◆ **DIRECTIONS FOR THIS TASK**:
An exact printout of all the entries is required.

[[ RECORDS SHOWN open ]]

(* Let $(u_n)_{n \geq 1}$ be a virtual isometry. For each $n$, write the eigenvalues of $u_n$ as $e^{i\theta^{(n)}_1},\dots,e^{i\theta^{(n)}_n}$ with $0\le\theta^{(n)}_1\le\dots\le\theta^{(n)}_n<2\pi$, let $(f^{(n)}_k)_{1\le k\le n}$ be an orthonormal basis of $\mathbb{C}^n$ with $u_n f^{(n)}_k = e^{i\theta^{(n)}_k} f^{(n)}_k$, and write $x_{n+1} := u_{n+1}(e_{n+1}) = \sum_{k=1}^n \mu^{(n)}_k f^{(n)}_k + \nu_n e_{n+1}$. Assume $u_1 \neq 1$, $\nu_n \neq 0$ for all $n \ge 1$, and $\mu^{(n)}_k \neq 0$ for all $n\ge1$, $k\in\{1,\dots,n\}$. Then for all $n\ge1$ and $k \in\{1,\dots,n\}$, the quantities $\rho_n := |\nu_n| \in (0,1)$, $\psi_n := \mathrm{Arg}(\nu_n) \in (-\pi,\pi]$ and $\gamma^{(n)}_k := |\mu^{(n)}_k|^2/(1 - |\nu_n|^2)$ are well-defined, and $\sum_{k=1}^n \gamma^{(n)}_k = 1$. Moreover, for all $n \geq 1$, the function $$\Phi(\eta) := (1+\rho_n^2)\cos(\eta/2) - 2\rho_n\cos(\eta/2 - \psi_n) + (1-\rho_n^2)\sin(\eta/2)\sum_{k=1}^n \gamma^{(n)}_k \cot\left(\frac{\eta - \theta^{(n)}_k}{2}\right),$$ defined for $\eta \in [0,2\pi]\setminus\{\theta^{(n)}_k : 1\le k\le n\}$, vanishes if and only if $\eta = \theta^{(n+1)}_k$ for some $k\in\{1,\dots,n+1\}$, and $$0 < \theta^{(n+1)}_1 < \theta^{(n)}_1 < \theta^{(n+1)}_2 < \theta^{(n)}_2 < \dots < \theta^{(n+1)}_n < \theta^{(n)}_n < \theta^{(n+1)}_{n+1} < 2\pi.$$
   Context: Let $(e_k)$ be the canonical basis of $\ell^2$; identify $\mathbb{C}^n$ with the span of $e_1,\dots,e_n$ and $U(n)$ with the unitary operators fixing every $e_k$, $k>n$. For $n\ge m\ge1$ and $u\in U(n)$, $\pi_{n,m}(u)$ is the unique $v\in U(m)$ such that the range of $u-v$ is contained in $(u-\mathrm{Id})(\mathrm{span}\{e_k:k>m\})$ (existence and uniqueness are known). A virtual isometry is a sequence $(u_n)_{n\ge1}$ with $u_n\in U(n)$ and $\pi_{n+1,n}(u_{n+1})=u_n$ for all $n\ge1$. *)

theory Defs
  imports Complex_Main
begin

[[ RECORDS SHOWN closed ]]

◆ **WORKED SOLUTION**:
(* Let $(u_n)_{n \geq 1}$ be a virtual isometry. For each $n$, write the eigenvalues of $u_n$ as $e^{i\theta^{(n)}_1},\dots,e^{i\theta^{(n)}_n}$ with $0\le\theta^{(n)}_1\le\dots\le\theta^{(n)}_n<2\pi$, let $(f^{(n)}_k)_{1\le k\le n}$ be an orthonormal basis of $\mathbb{C}^n$ with $u_n f^{(n)}_k = e^{i\theta^{(n)}_k} f^{(n)}_k$, and write $x_{n+1} := u_{n+1}(e_{n+1}) = \sum_{k=1}^n \mu^{(n)}_k f^{(n)}_k + \nu_n e_{n+1}$. Assume $u_1 \neq 1$, $\nu_n \neq 0$ for all $n \ge 1$, and $\mu^{(n)}_k \neq 0$ for all $n\ge1$, $k\in\{1,\dots,n\}$. Then for all $n\ge1$ and $k \in\{1,\dots,n\}$, the quantities $\rho_n := |\nu_n| \in (0,1)$, $\psi_n := \mathrm{Arg}(\nu_n) \in (-\pi,\pi]$ and $\gamma^{(n)}_k := |\mu^{(n)}_k|^2/(1 - |\nu_n|^2)$ are well-defined, and $\sum_{k=1}^n \gamma^{(n)}_k = 1$. Moreover, for all $n \geq 1$, the function $$\Phi(\eta) := (1+\rho_n^2)\cos(\eta/2) - 2\rho_n\cos(\eta/2 - \psi_n) + (1-\rho_n^2)\sin(\eta/2)\sum_{k=1}^n \gamma^{(n)}_k \cot\left(\frac{\eta - \theta^{(n)}_k}{2}\right),$$ defined for $\eta \in [0,2\pi]\setminus\{\theta^{(n)}_k : 1\le k\le n\}$, vanishes if and only if $\eta = \theta^{(n+1)}_k$ for some $k\in\{1,\dots,n+1\}$, and $$0 < \theta^{(n+1)}_1 < \theta^{(n)}_1 < \theta^{(n+1)}_2 < \theta^{(n)}_2 < \dots < \theta^{(n+1)}_n < \theta^{(n)}_n < \theta^{(n+1)}_{n+1} < 2\pi.$$
   Context: Let $(e_k)$ be the canonical basis of $\ell^2$; identify $\mathbb{C}^n$ with the span of $e_1,\dots,e_n$ and $U(n)$ with the unitary operators fixing every $e_k$, $k>n$. For $n\ge m\ge1$ and $u\in U(n)$, $\pi_{n,m}(u)$ is the unique $v\in U(m)$ such that the range of $u-v$ is contained in $(u-\mathrm{Id})(\mathrm{span}\{e_k:k>m\})$ (existence and uniqueness are known). A virtual isometry is a sequence $(u_n)_{n\ge1}$ with $u_n\in U(n)$ and $\pi_{n+1,n}(u_{n+1})=u_n$ for all $n\ge1$. *)

theory Defs
  imports Complex_Main
begin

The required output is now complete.